Fiori spargo è un testo di narrativa al confine con la poesia. Le sue parole si sono incontrate proprio sullo stesso pianerottolo. Lo stile sobrio ed elegante si caratterizza per l’apparente semplicità, adorno di quegli escamotage tipicamente poetici che privilegiano la musicalità, l’eufonico ridondare, l’eco appena sussurrata di certa prosa d’arte alla maniera primonovecentesca.
Nemmeno l’uso dei capoversi e delle consonanze possono sottrarre al lettore questa impressione confermata finanche dall’architettura lessicale dell’edificio testuale. Ogni parola al suo posto, come insegna la lezione dei più fini verseggiatori, mentre è tutto da pagare ai musicisti il debito ritmico scandito dalla paratassi che con periodi brevi mette in risalto le dimensioni della temporalità urbana piccole, quasi insignificanti, ma cariche di quell’emotività implicita che in tanto grigio non rinuncia alla vita.
La notte dei gatti-bambini – Perfettamente abbinata al valore ambivalente del genere, l’atmosfera di questa pagina di prosa si presenta connotata di valore simbolico e surreale (“lampioni sbirciano senza guardare”; “un vento inusuale soffia e dice addio”). Così il contesto risulta non riconoscibile, ma si colora solo dei tratti del paesaggio urbano, dei tratti e dei tempi del passaggio in un paesaggio – ci sia concessa la frivolezza fonica – che l’uomo ha artefatto e costruito per una notte solamente sua. La notte che stende pacifica il manto silenzioso dell’interiorità andante, capace di accogliere pennellate di colori e di suoni: i fiori gialli della festa, il miagolio dei gatti, il pianto dei bambini. E, su tutto, gli animali guardiani.
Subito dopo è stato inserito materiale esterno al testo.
text \<open>near src tgt r u v: every path from v to the root r passes through u,
  i.e.\ u lies between r and v.\<close>
definition near :: "('a \<Rightarrow> 'v) \<Rightarrow> ('a \<Rightarrow> 'v) \<Rightarrow> 'v \<Rightarrow> 'v \<Rightarrow> 'v \<Rightarrow> bool" where
  "near src tgt r u v \<longleftrightarrow> \<not> ravoid src tgt {u} v r"

lemma ravoid_sym: "ravoid src tgt A a b \<Longrightarrow> ravoid src tgt A b a"
proof -
  have conv: "(\<lambda>a b. adjacent src tgt a b \<and> a \<notin> A \<and> b \<notin> A)\<inverse>\<inverse>
      = (\<lambda>a b. adjacent src tgt a b \<and> a \<notin> A \<and> b \<notin> A)"
    by (auto simp: adjacent_sym fun_eq_iff)
  assume "ravoid src tgt A a b"
  then show ?thesis
    using rtranclp_converseI[where r = "\<lambda>a b. adjacent src tgt a b \<and> a \<notin> A \<and> b \<notin> A"]
    unfolding ravoid_def conv by blast
qed

lemma ravoid_in: "ravoid src tgt A a b \<Longrightarrow> b \<in> A \<Longrightarrow> a = b"
  unfolding ravoid_def by (induct rule: rtranclp_induct) auto

lemma ravoid_step:
  "ravoid src tgt A a b \<Longrightarrow> adjacent src tgt b c \<Longrightarrow> b \<notin> A \<Longrightarrow> c \<notin> A \<Longrightarrow> ravoid src tgt A a c"
  unfolding ravoid_def by (auto intro: rtranclp.rtrancl_into_rtrancl)

lemma ravoid_avoids_edge:
  assumes "ravoid src tgt {w} a b"
  shows "(\<lambda>a b. adjacent src tgt a b \<and> {a,b} \<noteq> {u,w})\<^sup>*\<^sup>* a b"
  using assms unfolding ravoid_def
proof (induct rule: rtranclp_induct)
  case (step y z)
  then have "{y,z} \<noteq> {u,w}" by (auto simp: doubleton_eq_iff)
  with step show ?case by (auto intro: rtranclp.rtrancl_into_rtrancl)
qed simp

lemma near_root: "near src tgt r v r \<Longrightarrow> v = r"
  unfolding near_def ravoid_def by auto

lemma near_shift:
  assumes "near src tgt x u v" "x \<noteq> u" "adjacent src tgt x r" "v \<noteq> u"
  shows "near src tgt r u v"
proof -
  { assume R: "ravoid src tgt {u} v r"
    have "r \<noteq> u" using ravoid_in[OF R] assms(4) by auto
    then have "ravoid src tgt {u} v x" using ravoid_step[OF R, of x] assms by (simp add: adjacent_sym)
    then have False using assms(1) unfolding near_def by simp }
  then show ?thesis unfolding near_def by blast
qed

lemma edge_oriented:
  assumes T: "tree_quiver src tgt" and uv: "adjacent src tgt u v"
  shows "near src tgt r u v \<or> near src tgt r v u"
proof (rule ccontr)
  assume "\<not> ?thesis"
  then have 1: "ravoid src tgt {u} v r" and 2: "ravoid src tgt {v} u r" unfolding near_def by auto
  let ?E = "\<lambda>a b. adjacent src tgt a b \<and> {a,b} \<noteq> {u,v}"
  have "?E\<^sup>*\<^sup>* v r" using ravoid_avoids_edge[OF 1, of v] by (simp add: insert_commute)
  moreover have "?E\<^sup>*\<^sup>* r u" using ravoid_avoids_edge[OF ravoid_sym[OF 2], of u] by simp
  ultimately have "?E\<^sup>*\<^sup>* v u" by simp
  then show False using no_other_path[OF T uv] by simp
qed

lemma neighbours_separated:
  assumes T: "tree_quiver src tgt" and a1: "adjacent src tgt x y" and a2: "adjacent src tgt x v"
    and ne: "y \<noteq> v"
  shows "\<not> ravoid src tgt {x} y v"
proof
  assume R: "ravoid src tgt {x} y v"
  let ?E = "\<lambda>a b. adjacent src tgt a b \<and> {a,b} \<noteq> {v,x}"
  have "{x,y} \<noteq> {v,x}" using ne adjacent_neq[OF T a2] by (simp add: doubleton_eq_iff)
  then have "?E x y" using a1 by simp
  moreover have "?E\<^sup>*\<^sup>* y v" using ravoid_avoids_edge[OF R, of v] .
  ultimately have "?E\<^sup>*\<^sup>* x v" by (rule converse_rtranclp_into_rtranclp)
  then show False using no_other_path[OF T, of v x] a2 by (simp add: adjacent_sym)
qed

subsection \<open>Internal direct sums\<close>

lemma dsum_sub: "is_dsum W N I \<Longrightarrow> i \<in> I \<Longrightarrow> N i z \<subseteq> W z"
  unfolding is_dsum_def by blast

lemma dsum_ex1:
  "is_dsum W N I \<Longrightarrow> v \<in> W z \<Longrightarrow>
     \<exists>!u. (\<forall>i\<in>I. u i \<in> N i z) \<and> (\<forall>i. i \<notin> I \<longrightarrow> u i = 0) \<and> v = sum u I"
  unfolding is_dsum_def by simp

lemma dsum_decomp: "is_dsum W N I \<Longrightarrow> v \<in> W z \<Longrightarrow> \<exists>u. (\<forall>i\<in>I. u i \<in> N i z) \<and> v = sum u I"
  by (drule dsum_ex1) (auto dest: ex1_implies_ex)

lemma dsum_unique:
  assumes D: "is_dsum W N I" and v: "v \<in> W z"
    and u1: "\<forall>i\<in>I. u1 i \<in> N i z" "v = sum u1 I"
    and u2: "\<forall>i\<in>I. u2 i \<in> N i z" "v = sum u2 I"
    and i: "i \<in> I"
  shows "u1 i = u2 i"
proof -
  let ?P = "\<lambda>u. (\<forall>i\<in>I. u i \<in> N i z) \<and> (\<forall>i. i \<notin> I \<longrightarrow> u i = 0) \<and> v = sum u I"
  let ?u1 = "\<lambda>k. if k \<in> I then u1 k else 0" and ?u2 = "\<lambda>k. if k \<in> I then u2 k else 0"
  have ex: "\<exists>!u. ?P u" using D v by (rule dsum_ex1)
  have s: "sum ?u1 I = sum u1 I" "sum ?u2 I = sum u2 I" by (auto intro: sum.cong)
  have p1: "?P ?u1" using u1 s by auto
  have p2: "?P ?u2" using u2 s by auto
  have "Uniq ?P" using ex ex1_iff_ex_Uniq[where P = ?P] by blast
  then have "?u1 = ?u2" using Uniq_D[where P = ?P, OF _ p1 p2] by blast
  then show ?thesis using i by (metis (full_types))
qed

context vector_space begin

lemma dsum_disjoint:
  assumes D: "is_dsum W N I" and fin: "finite I" and sub: "\<forall>k\<in>I. subspace (N k z)"
    and ij: "i \<in> I" "j \<in> I" "i \<noteq> j" and w: "w \<in> N i z" "w \<in> N j z"
  shows "w = 0"
proof -
  have N0: "0 \<in> N k z" if "k \<in> I" for k using subspace_0 sub that by blast
  let ?ui = "\<lambda>k. if k = i then w else 0" and ?uj = "\<lambda>k. if k = j then w else 0"
  have wW: "w \<in> W z" using dsum_sub[OF D ij(1)] w(1) by blast
  have ui: "\<forall>k\<in>I. ?ui k \<in> N k z" "w = sum ?ui I" using w N0 ij fin by (auto simp: sum.delta)
  have uj: "\<forall>k\<in>I. ?uj k \<in> N k z" "w = sum ?uj I" using w N0 ij fin by (auto simp: sum.delta)
  have "?ui i = ?uj i" by (rule dsum_unique[OF D wW ui uj ij(1)])
  then show ?thesis using ij by simp
qed

lemma dsum_zero:
  assumes D: "is_dsum W N I" and sub: "\<forall>k\<in>I. subspace (N k z)"
    and u: "\<forall>k\<in>I. u k \<in> N k z" and s0: "sum u I = 0" and i: "i \<in> I"
  shows "u i = 0"
proof -
  have "0 \<in> W z" using dsum_sub[OF D i] subspace_0[OF sub[rule_format, OF i]] by blast
  then show ?thesis
    using dsum_unique[OF D _ u s0[symmetric], of "\<lambda>_. 0" i] sub subspace_0 i by simp
qed

lemma dsum_independent_Union:
  assumes D: "is_dsum W N I" and fin: "finite I" and sub: "\<forall>i\<in>I. subspace (N i z)"
    and A: "\<forall>i\<in>I. A i \<subseteq> N i z \<and> 0 \<notin> A i \<and> independent (A i)"
  shows "independent (\<Union>i\<in>I. A i)"
proof
  assume "dependent (\<Union>i\<in>I. A i)"
  then obtain t u where t: "finite t" "t \<subseteq> (\<Union>i\<in>I. A i)" "(\<Sum>v\<in>t. u v *s v) = 0"
    and nz: "\<exists>v\<in>t. u v \<noteq> 0" unfolding dependent_explicit by blast
  have disj: "A i \<inter> A j = {}" if "i \<in> I" "j \<in> I" "i \<noteq> j" for i j
  proof -
    have "w = 0" if "w \<in> A i" "w \<in> A j" for w
      using dsum_disjoint[OF D fin sub \<open>i \<in> I\<close> \<open>j \<in> I\<close> \<open>i \<noteq> j\<close>] A that
        \<open>i \<in> I\<close> \<open>j \<in> I\<close> by blast
    then show ?thesis using A \<open>i \<in> I\<close> by blast
  qed
  define g where "g i = (\<Sum>v\<in>t \<inter> A i. u v *s v)" for i
  have gN: "\<forall>i\<in>I. g i \<in> N i z"
    unfolding g_def using sub A by (auto intro!: subspace_sum subspace_scale)
  have "t = (\<Union>i\<in>I. t \<inter> A i)" using t(2) by blast
  then have "(\<Sum>v\<in>t. u v *s v) = (\<Sum>v\<in>(\<Union>i\<in>I. t \<inter> A i). u v *s v)" by simp
  also have "\<dots> = (\<Sum>i\<in>I. g i)"
    unfolding g_def by (rule sum.UNION_disjoint) (use fin t(1) disj in auto)
  finally have "sum g I = 0" using t(3) by simp
  then have g0: "g i = 0" if "i \<in> I" for i using dsum_zero[OF D sub gN _ that] by simp
  from nz t(2) obtain v i where v: "v \<in> t" "u v \<noteq> 0" and i: "i \<in> I" "v \<in> A i" by blast
  have "(\<Sum>v\<in>t \<inter> A i. u v *s v) = 0" using g0[OF i(1)] unfolding g_def .
  then have "dependent (A i)" unfolding dependent_explicit
    using i v t(1) by (intro exI[of _ "t \<inter> A i"] exI[of _ u]) auto
  then show False using A i by blast
qed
Tanti colori, su tutti il rosso – Tra i vari colori dei fiori e della città, alla fine ne prevale uno: le rose e l’amore macchiano di rosso l’oscura navigazione del protagonista tra i ponti e il vento, un vero suggerimento dell’aleggiare dell’acqua, regina del fiume, regina del mare, che talvolta lambisce la città. Come l’acqua e l’ambivalente equilibrismo stilistico, fa la sua comparsa anche l’ambiguità del tema amoroso: due uomini tra venticinque rose rosse, tra numerosi passi, tra innumerevoli volti, infine il sangue, la gente, porto autentico della condizione umana. Per ultimo, “l’addio si ferma”. L’appuntamento è naufragato.
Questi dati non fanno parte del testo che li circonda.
(* Let $M$ be a proper metric space and $\mathcal{X},\mathcal{Z},\mathcal{W}$ big families in $M$ with $\mathcal{X}\Cap\mathcal{W}\subseteq\mathcal{X}\Cap\mathcal{Z}$. Then the map $HX_n(\mathcal{X},\mathcal{X}\Cap\mathcal{Z})\to HX_n(\mathcal{X}\Cup\mathcal{W},(\mathcal{X}\Cap\mathcal{Z})\Cup\mathcal{W})$ induced by the inclusion $CX_\bullet(\mathcal{X})\subseteq CX_\bullet(\mathcal{X}\Cup\mathcal{W})$ is an isomorphism for every $n$.
   Context: A big family is a collection of subsets of $M$ closed under subsets, finite unions and $R$-thickenings ($Y_R=\{x:d(x,Y)\le R\}$). $\mathcal{X}\Cap\mathcal{Y}=\{X\cap Y\}$, $\mathcal{X}\Cup\mathcal{Y}=\{X\cup Y\}$ elementwise. With $M^{n+1}$ carrying the max metric and $\Delta_R$ the $R$-thickening of the multi-diagonal, a coarse $n$-chain is a complex-valued locally finite regular Borel measure on $M^{n+1}$ supported in some $\Delta_R$; it is supported on $Y$ if it vanishes outside $Y^{n+1}$, and $CX_n(\mathcal{Y})$ consists of coarse chains supported on some member of $\mathcal{Y}$. Differential $\partial\mu=\sum_{i}(-1)^i(\pi_i)_*\mu$, $\pi_i$ omitting coordinate $i$. $HX_n(\mathcal{X},\mathcal{X}\Cap\mathcal{Y})$ is the homology of $CX_\bullet(\mathcal{X})/CX_\bullet(\mathcal{X}\Cap\mathcal{Y})$. *)

theory Defs
  imports "HOL-Analysis.Analysis"
begin

definition proper_metric_space :: "'a::metric_space itself \<Rightarrow> bool" where
  "proper_metric_space _ \<longleftrightarrow> (\<forall>(x::'a) r. compact (cball x r))"

text \<open>R-thickening Y_R = {x. d(x,Y) \<le> R} (d(x,{}) = +infinity, so the thickening of {} is {}).\<close>
definition thick :: "real \<Rightarrow> 'a::metric_space set \<Rightarrow> 'a set" where
  "thick R Y = {x. Y \<noteq> {} \<and> infdist x Y \<le> R}"

definition big_family :: "'a::metric_space set set \<Rightarrow> bool" where
  "big_family \<Y> \<longleftrightarrow>
     {} \<in> \<Y> \<and>
     (\<forall>Y\<in>\<Y>. \<forall>Y'. Y' \<subseteq> Y \<longrightarrow> Y' \<in> \<Y>) \<and>
     (\<forall>Y\<in>\<Y>. \<forall>Y'\<in>\<Y>. Y \<union> Y' \<in> \<Y>) \<and>
     (\<forall>Y\<in>\<Y>. \<forall>R. thick R Y \<in> \<Y>)"

definition fam_cap :: "'a set set \<Rightarrow> 'a set set \<Rightarrow> 'a set set" where
  "fam_cap \<X> \<Y> = {X \<inter> Y | X Y. X \<in> \<X> \<and> Y \<in> \<Y>}"

definition fam_cup :: "'a set set \<Rightarrow> 'a set set \<Rightarrow> 'a set set" where
  "fam_cup \<X> \<Y> = {X \<union> Y | X Y. X \<in> \<X> \<and> Y \<in> \<Y>}"

text \<open>M^(n+1): extensional functions on {..n}; Borel sets of the product, and bounded ones
  (bounded for the max metric = relatively compact, M being proper).\<close>
definition cube :: "nat \<Rightarrow> 'a set \<Rightarrow> (nat \<Rightarrow> 'a) set" where
  "cube n Y = PiE {..n} (\<lambda>_. Y)"

definition bsets :: "nat \<Rightarrow> (nat \<Rightarrow> 'a::metric_space) set set" where
  "bsets n = {A \<in> sets (PiM {..n} (\<lambda>_. borel)).
                \<exists>x0 r. \<forall>x\<in>A. \<forall>i\<le>n. dist (x i) x0 \<le> r}"

definition prod_top :: "nat \<Rightarrow> (nat \<Rightarrow> 'a::topological_space) topology" where
  "prod_top n = product_topology (\<lambda>_. euclidean) {..n}"

definition diag_thick :: "nat \<Rightarrow> real \<Rightarrow> (nat \<Rightarrow> 'a::metric_space) set" where
  "diag_thick n R = {x \<in> cube n UNIV. \<exists>y. \<forall>i\<le>n. dist (x i) y \<le> R}"

text \<open>Complex-valued locally finite regular Borel measure on M^(n+1): a complex set function on
  the bounded Borel sets (set to 0 elsewhere), countably additive, and regular.\<close>
definition locfin_measure :: "nat \<Rightarrow> ((nat \<Rightarrow> 'a::metric_space) set \<Rightarrow> complex) \<Rightarrow> bool" where
  "locfin_measure n \<mu> \<longleftrightarrow>
     (\<forall>A. A \<notin> bsets n \<longrightarrow> \<mu> A = 0) \<and>
     (\<forall>F::nat \<Rightarrow> _. range F \<subseteq> bsets n \<longrightarrow> disjoint_family F \<longrightarrow> \<Union>(range F) \<in> bsets n \<longrightarrow>
         (\<lambda>i. \<mu> (F i)) sums \<mu> (\<Union>(range F))) \<and>
     (\<forall>A\<in>bsets n. \<forall>e>0. \<exists>K U. compactin (prod_top n) K \<and> openin (prod_top n) U \<and>
         K \<subseteq> A \<and> A \<subseteq> U \<and> (\<forall>B\<in>bsets n. B \<subseteq> U - K \<longrightarrow> cmod (\<mu> B) < e))"

definition supp_in_diag :: "nat \<Rightarrow> real \<Rightarrow> ((nat \<Rightarrow> 'a::metric_space) set \<Rightarrow> complex) \<Rightarrow> bool" where
  "supp_in_diag n R \<mu> \<longleftrightarrow> (\<forall>A\<in>bsets n. A \<inter> diag_thick n R = {} \<longrightarrow> \<mu> A = 0)"

definition coarse_chain :: "nat \<Rightarrow> ((nat \<Rightarrow> 'a::metric_space) set \<Rightarrow> complex) \<Rightarrow> bool" where
  "coarse_chain n \<mu> \<longleftrightarrow> locfin_measure n \<mu> \<and> (\<exists>R. supp_in_diag n R \<mu>)"

definition supported_on :: "nat \<Rightarrow> 'a set \<Rightarrow> ((nat \<Rightarrow> 'a::metric_space) set \<Rightarrow> complex) \<Rightarrow> bool" where
  "supported_on n Y \<mu> \<longleftrightarrow> (\<forall>A\<in>bsets n. A \<inter> cube n Y = {} \<longrightarrow> \<mu> A = 0)"

definition CX :: "nat \<Rightarrow> 'a::metric_space set set \<Rightarrow> ((nat \<Rightarrow> 'a) set \<Rightarrow> complex) set" where
  "CX n \<Y> = {\<mu>. coarse_chain n \<mu> \<and> (\<exists>Y\<in>\<Y>. supported_on n Y \<mu>)}"

definition omit :: "nat \<Rightarrow> nat \<Rightarrow> (nat \<Rightarrow> 'a) \<Rightarrow> (nat \<Rightarrow> 'a)" where
  "omit n i x = (\<lambda>j. if j \<le> n then (if j < i then x j else x (Suc j)) else undefined)"

text \<open>Push-forward of a coarse (n+1)-chain along pi_i; the preimage is cut down to the
  thickened diagonal carrying the chain (which makes it bounded; the value does not depend on
  the radius chosen).\<close>
definition pushfwd :: "nat \<Rightarrow> nat \<Rightarrow> ((nat \<Rightarrow> 'a::metric_space) set \<Rightarrow> complex) \<Rightarrow> ((nat \<Rightarrow> 'a) set \<Rightarrow> complex)" where
  "pushfwd n i \<mu> = (\<lambda>A. if A \<in> bsets n then
       \<mu> (omit n i -` A \<inter> diag_thick (Suc n) (SOME R. supp_in_diag (Suc n) R \<mu>)) else 0)"

fun bd :: "nat \<Rightarrow> ((nat \<Rightarrow> 'a::metric_space) set \<Rightarrow> complex) \<Rightarrow> ((nat \<Rightarrow> 'a) set \<Rightarrow> complex)" where
  "bd 0 \<mu> = (\<lambda>A. 0)"
| "bd (Suc n) \<mu> = (\<lambda>A. \<Sum>i\<le>Suc n. (-1) ^ i * pushfwd n i \<mu> A)"

definition chain_add :: "('b \<Rightarrow> complex) \<Rightarrow> ('b \<Rightarrow> complex) \<Rightarrow> ('b \<Rightarrow> complex)" where
  "chain_add \<mu> \<nu> = (\<lambda>A. \<mu> A + \<nu> A)"

definition rel_cycles :: "nat \<Rightarrow> 'a::metric_space set set \<Rightarrow> 'a set set \<Rightarrow> ((nat \<Rightarrow> 'a) set \<Rightarrow> complex) set" where
  "rel_cycles n \<X> \<A> = {c \<in> CX n \<X>. n = 0 \<or> bd n c \<in> CX (n - 1) \<A>}"

definition rel_bdries :: "nat \<Rightarrow> 'a::metric_space set set \<Rightarrow> 'a set set \<Rightarrow> ((nat \<Rightarrow> 'a) set \<Rightarrow> complex) set" where
  "rel_bdries n \<X> \<A> = {chain_add (bd (Suc n) b) a | b a. b \<in> CX (Suc n) \<X> \<and> a \<in> CX n \<A>}"

definition HX :: "nat \<Rightarrow> 'a::metric_space set set \<Rightarrow> 'a set set \<Rightarrow> ((nat \<Rightarrow> 'a) set \<Rightarrow> complex) set set" where
  "HX n \<X> \<A> = (\<lambda>c. {chain_add c b | b. b \<in> rel_bdries n \<X> \<A>}) ` rel_cycles n \<X> \<A>"

text \<open>Map induced by inclusion of chains: the class c + B goes to c + B'.\<close>
definition HX_incl :: "nat \<Rightarrow> 'a::metric_space set set \<Rightarrow> 'a set set
     \<Rightarrow> ((nat \<Rightarrow> 'a) set \<Rightarrow> complex) set \<Rightarrow> ((nat \<Rightarrow> 'a) set \<Rightarrow> complex) set" where
  "HX_incl n \<X>' \<A>' C = {chain_add x b | x b. x \<in> C \<and> b \<in> rel_bdries n \<X>' \<A>'}"

end

theory Submission
  imports Defs "HOL-Library.Function_Algebras"
begin

text \<open>Write \<open>\<A> = \<X> \<Cap> \<Z>\<close>. A coarse chain supported on \<open>X \<union> W\<close> splits as a chain
  supported on \<open>closure X\<close> plus one supported on a thickening of \<open>W\<close>: restrict the measure to
  the cube over \<open>closure X\<close>; the rest lives on tuples that are close to each other and have a
  coordinate in \<open>closure W\<close>. Hence \<open>CX(\<X> \<Cup> \<W>) = CX(\<X>) + CX(\<W>)\<close>. Conversely a chain
  supported both on \<open>X \<in> \<X>\<close> and on \<open>V \<union> W\<close> with \<open>V \<in> \<A>\<close>, \<open>W \<in> \<W>\<close> is supported on
  \<open>closure X \<inter> (V \<union> W) \<subseteq> V \<union> (closure X \<inter> W)\<close>, a member of \<open>\<A>\<close> by the hypothesis,
  so \<open>CX(\<X>) \<inter> CX(\<A> \<Cup> \<W>) = CX(\<A>)\<close>. These two identities make the inclusion
  \<open>CX(\<X>)/CX(\<A>) \<rightarrow> CX(\<X> \<Cup> \<W>)/CX(\<A> \<Cup> \<W>)\<close> an isomorphism of chain complexes,
  which is checked directly on relative cycles and relative boundaries. Most of the work is
  measure theory: push-forwards along face maps are again locally finite regular measures, so
  the boundary is additive and preserves chains.\<close>

subsection \<open>Locally finite measures\<close>

type_synonym 'a chain_measure = "(nat \<Rightarrow> 'a) set \<Rightarrow> complex"

abbreviation cube_borel :: "nat \<Rightarrow> (nat \<Rightarrow> 'a::metric_space) measure" where
  "cube_borel n \<equiv> PiM {..n} (\<lambda>_. borel)"

lemma space_cube_borel: "space (cube_borel n :: (nat \<Rightarrow> 'a::metric_space) measure) = cube n UNIV"
  by (simp add: space_PiM cube_def)

lemma topspace_prod_top: "topspace (prod_top n) = cube n UNIV"
  by (simp add: prod_top_def cube_def)

lemma mem_cube_iff: "x \<in> cube n Y \<longleftrightarrow> x \<in> extensional {..n} \<and> (\<forall>i\<le>n. x i \<in> Y)"
  by (auto simp: cube_def PiE_iff)

lemma cube_mono: "Y \<subseteq> Y' \<Longrightarrow> cube n Y \<subseteq> cube n Y'"
  unfolding cube_def by (rule PiE_mono) blast

lemma cube_Int: "cube n (Y \<inter> Y') = cube n Y \<inter> cube n Y'"
  unfolding cube_def by (rule PiE_Int[symmetric])

lemma sets_cube: "Y \<in> sets borel \<Longrightarrow> cube n Y \<in> sets (cube_borel n)"
  unfolding cube_def by (intro sets_PiM_I_finite) auto

lemma bsets_iff: "A \<in> bsets n \<longleftrightarrow> A \<in> sets (cube_borel n) \<and> (\<exists>x0 r. A \<subseteq> cube n (cball x0 r))"
proof -
  have "(\<forall>x\<in>A. \<forall>i\<le>n. dist (x i) x0 \<le> r) \<longleftrightarrow> A \<subseteq> cube n (cball x0 r)"
    if "A \<in> sets (cube_borel n)" for x0 r
    using sets.sets_into_space[OF that] by (auto simp: space_cube_borel mem_cube_iff dist_commute)
  then show ?thesis unfolding bsets_def by blast
qed

lemma bsets_sets: "A \<in> bsets n \<Longrightarrow> A \<in> sets (cube_borel n)"
  by (simp add: bsets_def)

lemma bsets_subset: "A \<in> bsets n \<Longrightarrow> B \<in> sets (cube_borel n) \<Longrightarrow> B \<subseteq> A \<Longrightarrow> B \<in> bsets n"
  unfolding bsets_def by blast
Una tragica traiettoria del destino – Di segnali di un destino maligno era disseminata tutta la poesia. Dalla ripetizione incessante, per di più enfatizzata dal grassetto, di “stasera“, all'”addio del vento”. Alla luce della conclusione, tutta la poesia diventa enigmatica danza di indizi negativi, palpiti di un veloce fervore di vita, cornice di avvisaglie metafisiche, finché pure l’ultima tessera finisce per incastrarsi nel mosaico del tragitto di un’esistenza umana. Le rose destinate a Hossam diventano “una corona di petali” che “incornicia” il protagonista esanime. E ricompaiono i gatti affamati per le scale. “Uno solo miagola e piange sul mio pianerottolo. Sembra un bambino di notte”.
L’immagine: particolare de Il sogno (1910) di Henri Rousseau il Doganiere (1844-1910).